Starting at the top of the entries below, set down each line exactly as written, and stop after the line containing "by (fact S)".

Dataset items:

•••••

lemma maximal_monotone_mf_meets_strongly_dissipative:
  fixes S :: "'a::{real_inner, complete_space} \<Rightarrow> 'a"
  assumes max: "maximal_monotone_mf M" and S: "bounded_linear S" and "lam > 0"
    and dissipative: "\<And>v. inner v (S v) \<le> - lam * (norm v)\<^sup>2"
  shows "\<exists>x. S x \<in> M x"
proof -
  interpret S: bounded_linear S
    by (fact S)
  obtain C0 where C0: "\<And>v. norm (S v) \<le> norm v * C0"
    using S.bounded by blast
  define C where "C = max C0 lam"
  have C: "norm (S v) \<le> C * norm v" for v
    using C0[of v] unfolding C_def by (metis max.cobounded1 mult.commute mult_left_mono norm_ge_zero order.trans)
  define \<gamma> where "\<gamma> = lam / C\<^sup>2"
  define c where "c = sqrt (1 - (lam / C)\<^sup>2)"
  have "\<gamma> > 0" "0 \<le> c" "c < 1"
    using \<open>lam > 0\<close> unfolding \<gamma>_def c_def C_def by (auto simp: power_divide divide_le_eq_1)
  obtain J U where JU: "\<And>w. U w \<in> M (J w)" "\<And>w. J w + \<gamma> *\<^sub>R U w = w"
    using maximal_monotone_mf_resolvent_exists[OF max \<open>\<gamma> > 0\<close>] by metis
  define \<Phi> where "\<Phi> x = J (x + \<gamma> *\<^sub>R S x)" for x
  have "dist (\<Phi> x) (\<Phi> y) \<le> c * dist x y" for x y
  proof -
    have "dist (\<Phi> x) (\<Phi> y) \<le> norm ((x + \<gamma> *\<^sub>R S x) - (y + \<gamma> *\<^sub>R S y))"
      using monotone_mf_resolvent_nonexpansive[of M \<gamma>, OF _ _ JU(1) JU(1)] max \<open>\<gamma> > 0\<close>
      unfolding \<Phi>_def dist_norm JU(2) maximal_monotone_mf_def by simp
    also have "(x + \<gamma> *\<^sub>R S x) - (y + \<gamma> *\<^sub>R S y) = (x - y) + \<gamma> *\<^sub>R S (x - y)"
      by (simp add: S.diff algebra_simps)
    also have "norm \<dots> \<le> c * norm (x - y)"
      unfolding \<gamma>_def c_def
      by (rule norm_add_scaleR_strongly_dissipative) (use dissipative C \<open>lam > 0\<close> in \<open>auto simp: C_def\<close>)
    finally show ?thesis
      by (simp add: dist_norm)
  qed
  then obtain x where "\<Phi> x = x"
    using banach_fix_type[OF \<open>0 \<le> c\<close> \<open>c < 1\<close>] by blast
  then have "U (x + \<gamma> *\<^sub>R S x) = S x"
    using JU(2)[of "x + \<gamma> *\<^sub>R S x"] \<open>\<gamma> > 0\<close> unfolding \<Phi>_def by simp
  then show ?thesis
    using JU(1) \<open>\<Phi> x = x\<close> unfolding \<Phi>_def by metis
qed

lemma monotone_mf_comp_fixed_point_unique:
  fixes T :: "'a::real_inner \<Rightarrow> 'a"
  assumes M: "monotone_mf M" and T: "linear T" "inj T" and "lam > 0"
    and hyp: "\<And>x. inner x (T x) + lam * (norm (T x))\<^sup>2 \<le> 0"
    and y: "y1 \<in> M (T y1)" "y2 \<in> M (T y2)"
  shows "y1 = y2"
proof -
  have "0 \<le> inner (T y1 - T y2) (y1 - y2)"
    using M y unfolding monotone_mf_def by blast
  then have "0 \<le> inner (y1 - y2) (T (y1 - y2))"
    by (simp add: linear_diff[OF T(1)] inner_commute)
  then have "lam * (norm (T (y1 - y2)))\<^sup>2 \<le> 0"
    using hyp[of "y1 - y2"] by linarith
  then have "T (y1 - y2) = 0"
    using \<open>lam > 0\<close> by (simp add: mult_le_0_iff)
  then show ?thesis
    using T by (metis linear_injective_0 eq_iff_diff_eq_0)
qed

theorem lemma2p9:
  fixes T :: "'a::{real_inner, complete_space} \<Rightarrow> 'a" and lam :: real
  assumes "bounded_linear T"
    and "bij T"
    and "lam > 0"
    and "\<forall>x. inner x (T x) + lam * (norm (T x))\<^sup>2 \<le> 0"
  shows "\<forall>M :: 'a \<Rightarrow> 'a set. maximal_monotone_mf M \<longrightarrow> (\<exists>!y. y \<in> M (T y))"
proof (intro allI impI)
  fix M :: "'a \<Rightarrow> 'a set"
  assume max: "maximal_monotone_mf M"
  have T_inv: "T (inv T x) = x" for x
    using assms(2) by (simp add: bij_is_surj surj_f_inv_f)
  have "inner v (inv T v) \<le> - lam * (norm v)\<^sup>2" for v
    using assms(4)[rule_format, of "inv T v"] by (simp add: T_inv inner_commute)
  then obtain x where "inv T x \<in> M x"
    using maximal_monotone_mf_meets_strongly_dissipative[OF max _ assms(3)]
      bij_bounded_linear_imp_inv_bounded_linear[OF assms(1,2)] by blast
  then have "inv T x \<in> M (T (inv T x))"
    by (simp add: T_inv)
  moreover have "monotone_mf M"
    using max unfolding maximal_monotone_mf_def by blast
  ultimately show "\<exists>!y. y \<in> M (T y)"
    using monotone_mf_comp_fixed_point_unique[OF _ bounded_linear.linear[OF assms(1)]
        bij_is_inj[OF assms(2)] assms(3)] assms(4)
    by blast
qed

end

•••••

### Answer section:
lemma maximal_monotone_mf_meets_strongly_dissipative:
  fixes S :: "'a::{real_inner, complete_space} \<Rightarrow> 'a"
  assumes max: "maximal_monotone_mf M" and S: "bounded_linear S" and "lam > 0"
    and dissipative: "\<And>v. inner v (S v) \<le> - lam * (norm v)\<^sup>2"
  shows "\<exists>x. S x \<in> M x"
proof -
  interpret S: bounded_linear S
    by (fact S)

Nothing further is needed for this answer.